2

I've been tasked to dig through census data for things at the block level. After learning how to navigate AND find what i'm looking for I hit a snag. tabblock polygons (block level polygon) have an id consisting of a 15 length string,

ex: '471570001022022'

but the format from the census data is labelled:

'Block 2022, Block Group 2, Census Tract 1, Shelby County, Tennessee'

the block id is formatted: state-county-tract-group-block, with some leading zeros to make 15 characters. sscccttttggbbbb

Does anyone know a quick way to get this into a usable format?

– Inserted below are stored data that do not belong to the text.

(* Let $p_1\equiv p_2\equiv1\pmod4$ be primes and let $\varepsilon_{p_1p_2}=a+b\sqrt{p_1p_2}$ be the fundamental unit of $\mathbb{Q}(\sqrt{p_1p_2})$. If $N(\varepsilon_{p_1p_2})=1$, then neither $a+1$ nor $a-1$ is a perfect square in $\mathbb{N}$.
   Context: $a,b$ are integers or half-integers; $N$ denotes the norm from $\mathbb{Q}(\sqrt{p_1p_2})$ to $\mathbb{Q}$. *)

theory Defs
  imports Complex_Main "HOL-Computational_Algebra.Primes"
begin

text \<open>Elements of the real quadratic field Q(sqrt d) are written a + b sqrt d with
  a, b rational.  Norm N(a + b sqrt d) = a^2 - d b^2.\<close>

definition qnorm :: "int \<Rightarrow> rat \<Rightarrow> rat \<Rightarrow> rat" where
  "qnorm d a b = a^2 - of_int d * b^2"

text \<open>a + b sqrt d is an algebraic integer iff its trace 2a and norm are integers.\<close>
definition qint :: "int \<Rightarrow> rat \<Rightarrow> rat \<Rightarrow> bool" where
  "qint d a b \<longleftrightarrow> 2 * a \<in> \<int> \<and> qnorm d a b \<in> \<int>"

definition qunit :: "int \<Rightarrow> rat \<Rightarrow> rat \<Rightarrow> bool" where
  "qunit d a b \<longleftrightarrow> qint d a b \<and> (qnorm d a b = 1 \<or> qnorm d a b = -1)"

definition qval :: "int \<Rightarrow> rat \<Rightarrow> rat \<Rightarrow> real" where
  "qval d a b = of_rat a + of_rat b * sqrt (of_int d)"

definition fundamental_unit :: "int \<Rightarrow> rat \<Rightarrow> rat \<Rightarrow> bool" where
  "fundamental_unit d a b \<longleftrightarrow> qunit d a b \<and> qval d a b > 1 \<and>
     (\<forall>u v. qunit d u v \<and> qval d u v > 1 \<longrightarrow> qval d a b \<le> qval d u v)"

end

theory Submission
  imports Defs
begin

text \<open>
  With \<open>a = n\<^sup>2 \<plusminus> 1\<close> the norm equation \<open>a\<^sup>2 - d b\<^sup>2 = 1\<close> becomes
  \<open>d b\<^sup>2 = n\<^sup>2 (n\<^sup>2 \<plusminus> 2)\<close>; writing \<open>b = r/s\<close> in lowest terms gives
  \<open>d r\<^sup>2 = n\<^sup>2 (n\<^sup>2 \<plusminus> 2) s\<^sup>2\<close> with \<open>d \<equiv> 1 (mod 4)\<close>.  For odd \<open>n\<close> the right-hand
  side is \<open>3\<close> modulo \<open>4\<close>, which no \<open>d r\<^sup>2\<close> is; for even \<open>n \<noteq> 0\<close> it has odd
  \<open>2\<close>-adic valuation while \<open>d r\<^sup>2\<close> has even valuation.  Hence \<open>n = 0\<close> and
  \<open>b = 0\<close>, so \<open>a + b \<surd>d = \<plusminus>1\<close> is not a unit greater than \<open>1\<close>.
\<close>

lemma odd_square_mod_4_int:
  fixes z :: int
  assumes "odd z"
  shows "z\<^sup>2 mod 4 = 1"
proof -
  obtain u where "z = 2 * u + 1" using assms oddE by blast
  then have "z\<^sup>2 = 4 * (u\<^sup>2 + u) + 1" by (simp add: power2_eq_square algebra_simps)
  then show ?thesis by presburger
qed

lemma square_mod_4_int:
  fixes z :: int
  shows "z\<^sup>2 mod 4 \<in> {0, 1}"
  using odd_square_mod_4_int[of z] by (cases "even z") (auto simp: power2_eq_square)

lemma twice_odd_times_square_neq_odd_times_square:
  fixes A B x y :: int
  assumes "odd A" "odd B" "x \<noteq> 0"
  shows "2 * A * y\<^sup>2 \<noteq> B * x\<^sup>2"
  using assms
proof (induction "nat \<bar>x\<bar>" arbitrary: x y rule: less_induct)
  case less
  show ?case
  proof
    assume eq: "2 * A * y\<^sup>2 = B * x\<^sup>2"
    then have "even (B * x\<^sup>2)" by (metis dvd_triv_left mult.assoc)
    then obtain x' where x: "x = 2 * x'" using \<open>odd B\<close> by auto
    from eq have "A * y\<^sup>2 = 2 * (B * x'\<^sup>2)" by (simp add: x power_mult_distrib)
    then have "even (A * y\<^sup>2)" by simp
    then obtain y' where y: "y = 2 * y'" using \<open>odd A\<close> by auto
    from eq have "2 * A * y'\<^sup>2 = B * x'\<^sup>2" by (simp add: x y power_mult_distrib)
    moreover have "x' \<noteq> 0" "nat \<bar>x'\<bar> < nat \<bar>x\<bar>" using x \<open>x \<noteq> 0\<close> by auto
    ultimately show False using less by blast
  qed
qed

lemma int_times_square_neq_3_mod_4_times_square:
  fixes d m r s :: int
  assumes "d mod 4 = 1" "m mod 4 = 3" "coprime r s"
  shows "d * r\<^sup>2 \<noteq> m * s\<^sup>2"
proof
  assume eq: "d * r\<^sup>2 = m * s\<^sup>2"
  have "odd d" using \<open>d mod 4 = 1\<close> by presburger
  have "odd s"
  proof
    assume "even s"
    then have "even (d * r\<^sup>2)" using eq by simp
    then have "even r" using \<open>odd d\<close> by auto
    with \<open>even s\<close> \<open>coprime r s\<close> show False by fastforce
  qed
  have "(m * s\<^sup>2) mod 4 = 3"
    using \<open>m mod 4 = 3\<close> odd_square_mod_4_int[OF \<open>odd s\<close>] mod_mult_eq[of m 4 "s\<^sup>2"] by simp
  moreover have "(d * r\<^sup>2) mod 4 = r\<^sup>2 mod 4"
    using \<open>d mod 4 = 1\<close> mod_mult_eq[of d 4 "r\<^sup>2"] by simp
  ultimately show False using eq square_mod_4_int[of r] by simp
qed

lemma rat_int_times_square_eq_int:
  fixes d m :: int and b :: rat
  assumes "of_int d * b\<^sup>2 = of_int m"
  obtains r s :: int where "coprime r s" "s > 0" "d * r\<^sup>2 = m * s\<^sup>2"
proof -
  obtain r s where rs: "quotient_of b = (r, s)" by (cases "quotient_of b")
  have "s > 0" using quotient_of_denom_pos[OF rs] .
  have "of_int d * (of_int r / of_int s)\<^sup>2 = (of_int m :: rat)"
    using assms quotient_of_div[OF rs] by simp
  then have "of_int (d * r\<^sup>2) = (of_int (m * s\<^sup>2) :: rat)"
    using \<open>s > 0\<close> by (simp add: field_simps power_divide)
  then have "d * r\<^sup>2 = m * s\<^sup>2" by (rule of_int_eq_iff[THEN iffD1])
  with quotient_of_coprime[OF rs] \<open>s > 0\<close> show ?thesis by (rule that)
qed

lemma int_times_rat_square_neq_square_times_square_add_two:
  fixes d n c :: int and b :: rat
  assumes "d mod 4 = 1" "c \<in> {2, -2}" "n \<noteq> 0"
  shows "of_int d * b\<^sup>2 \<noteq> of_int (n\<^sup>2 * (n\<^sup>2 + c))"
proof
  assume "of_int d * b\<^sup>2 = of_int (n\<^sup>2 * (n\<^sup>2 + c))"
  then obtain r s where "coprime r s" "s > 0" and eq: "d * r\<^sup>2 = n\<^sup>2 * (n\<^sup>2 + c) * s\<^sup>2"
    by (rule rat_int_times_square_eq_int)
  show False
  proof (cases "even n")
    case True
    then obtain t where n: "n = 2 * t" by blast
    define k where "k = 2 * t\<^sup>2 + c div 2"
    have k: "n\<^sup>2 + c = 2 * k" and "odd k"
      using \<open>c \<in> {2, -2}\<close> by (auto simp: k_def n power_mult_distrib)
    have "odd d" using \<open>d mod 4 = 1\<close> by presburger
    have "r \<noteq> 0" using eq k \<open>odd k\<close> \<open>n \<noteq> 0\<close> \<open>s > 0\<close> by auto
    have "2 * k * (n * s)\<^sup>2 = d * r\<^sup>2"
      unfolding eq k by (simp add: power_mult_distrib algebra_simps)
    then show False
      using twice_odd_times_square_neq_odd_times_square[OF \<open>odd k\<close> \<open>odd d\<close> \<open>r \<noteq> 0\<close>] by blast
  next
    case False
    have "(n\<^sup>2 + c) mod 4 = 3"
      using \<open>c \<in> {2, -2}\<close> odd_square_mod_4_int[OF False] by auto presburger+
    then have "(n\<^sup>2 * (n\<^sup>2 + c)) mod 4 = 3"
      using odd_square_mod_4_int[OF False] mod_mult_eq[of "n\<^sup>2" 4 "n\<^sup>2 + c"] by simp
    then show False
      using int_times_square_neq_3_mod_4_times_square[OF \<open>d mod 4 = 1\<close> _ \<open>coprime r s\<close>] eq
      by blast
  qed
qed

lemma qnorm_eq_1_square_add_pm_1_imp_trivial:
  fixes d n :: int and a b e :: rat
  assumes "d mod 4 = 1" "qnorm d a b = 1" "a = of_int n ^ 2 + e" "e \<in> {1, -1}"
  shows "b = 0"
proof (rule ccontr)
  assume "b \<noteq> 0"
  define c :: int where "c = (if e = 1 then 2 else -2)"
  have "c \<in> {2, -2}" by (simp add: c_def)
  have "d \<noteq> 0" using \<open>d mod 4 = 1\<close> by auto
  have "of_int d * b\<^sup>2 = a\<^sup>2 - 1" using \<open>qnorm d a b = 1\<close> by (simp add: qnorm_def)
  also have "\<dots> = of_int (n\<^sup>2 * (n\<^sup>2 + c))"
    using \<open>a = of_int n ^ 2 + e\<close> \<open>e \<in> {1, -1}\<close> by (auto simp: c_def power2_eq_square algebra_simps)
  finally have eq: "of_int d * b\<^sup>2 = of_int (n\<^sup>2 * (n\<^sup>2 + c))" .
  moreover have "n \<noteq> 0" using eq \<open>b \<noteq> 0\<close> \<open>d \<noteq> 0\<close> by auto
  ultimately show False
    using int_times_rat_square_neq_square_times_square_add_two[OF \<open>d mod 4 = 1\<close> \<open>c \<in> {2, -2}\<close>] by blast
qed

theorem lemma14:
  fixes p1 p2 :: nat and a b :: rat
  assumes "prime p1" "prime p2" "p1 mod 4 = 1" "p2 mod 4 = 1"
    and "fundamental_unit (int (p1 * p2)) a b"
    and "qnorm (int (p1 * p2)) a b = 1"
  shows "\<not> (\<exists>n::nat. a + 1 = of_nat (n^2)) \<and> \<not> (\<exists>n::nat. a - 1 = of_nat (n^2))"
proof -
  let ?d = "int (p1 * p2)"
  have "(p1 * p2) mod 4 = 1"
    using assms(3,4) mod_mult_eq[of p1 4 p2] by simp
  then have "?d mod 4 = 1" by (metis of_nat_1 of_nat_numeral zmod_int)
  have "qval ?d a b > 1" using assms(5) by (simp add: fundamental_unit_def)
  have not_square_add: False if "a = of_int n ^ 2 + e" "e \<in> {1, -1}" for n e
  proof -
    have "b = 0"
      using qnorm_eq_1_square_add_pm_1_imp_trivial[OF \<open>?d mod 4 = 1\<close> assms(6) that] .
    then have "a \<le> 1" using assms(6) by (auto simp: qnorm_def power2_eq_1_iff)
    with \<open>b = 0\<close> \<open>qval ?d a b > 1\<close> show False by (simp add: qval_def)
  qed
  show ?thesis
  proof safe
    fix n :: nat assume "a + 1 = of_nat (n^2)"
    then show False by (intro not_square_add[of "int n" "-1"]) (simp_all add: algebra_simps)
  next
    fix n :: nat assume "a - 1 = of_nat (n^2)"
    then show False by (intro not_square_add[of "int n" 1]) (simp_all add: algebra_simps)
  qed
qed

end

I thought i would ask before i spend my time trying to cook up a python script.

Thanks, gm

gm70560
  • 140
  • 11
  • from census:'Block 2022, Block Group 2, Census Tract 1, Shelby County, Tennessee', but i need it to read: '471570001022022'. – gm70560 Jan 31 '13 at 19:28
  • How do you get at the mapping between state and county names and their numerical representations? – Silas Ray Jan 31 '13 at 19:30

3 Answers3

1

well, i got it.

ex = 'Block 2022, Block Group 2, Census Tract 1, Shelby County, Tennessee'

new_id = '47157' + ex[40:len(ex)-26].zfill(4) + '0' + ex[24] + ex[6:10]

state and county values are constant; block groups only go to one digit (afaik).

gm70560
  • 140
  • 11
  • best answer: download the right format from the given options from the "fact finder" on the census page. The csv gives a properly formatted ID field. – gm70560 Feb 04 '13 at 21:12
  • plus: the format is ss-ccc-tttttt-bbbb (state, county, tract, block) and block group isn't present. working with that, i used a dict{} to find the tracts and give the proper format. then i scraped it when i found the download option. – gm70560 Feb 04 '13 at 21:14
1

Using struct might be neater

>>> import struct
>>> r = '471570001022022'
>>> f = '2s3s4s2s4s'
>>> struct.unpack(f, r)
('47', '157', '0001', '02', '2022')
>>> s, c, t, g, b = unpack(f, r)
>>> print s
47
sotapme
  • 4,695
  • 2
  • 19
  • 20
1

Assuming this data is correct, and you've parsed it in to two dictionaries, state_ids and county_ids, where the keys are the string representations for the entities and the values are the numerical representations as strings:

def get_tabblock_id(tabblock_string):
    block, block_group, tract, county, state = re.match('Block (\\d+), Block Group (\\d+), Census Tract (\\d+), (.+), (.+)', tabblock_string).groups()
    return state_ids[state].zfill(2) + county_ids[county].zfill(3) + tract.zfill(4) + block_group.zfill(2) + block.zfill(4)
Silas Ray
  • 25,682
  • 5
  • 48
  • 63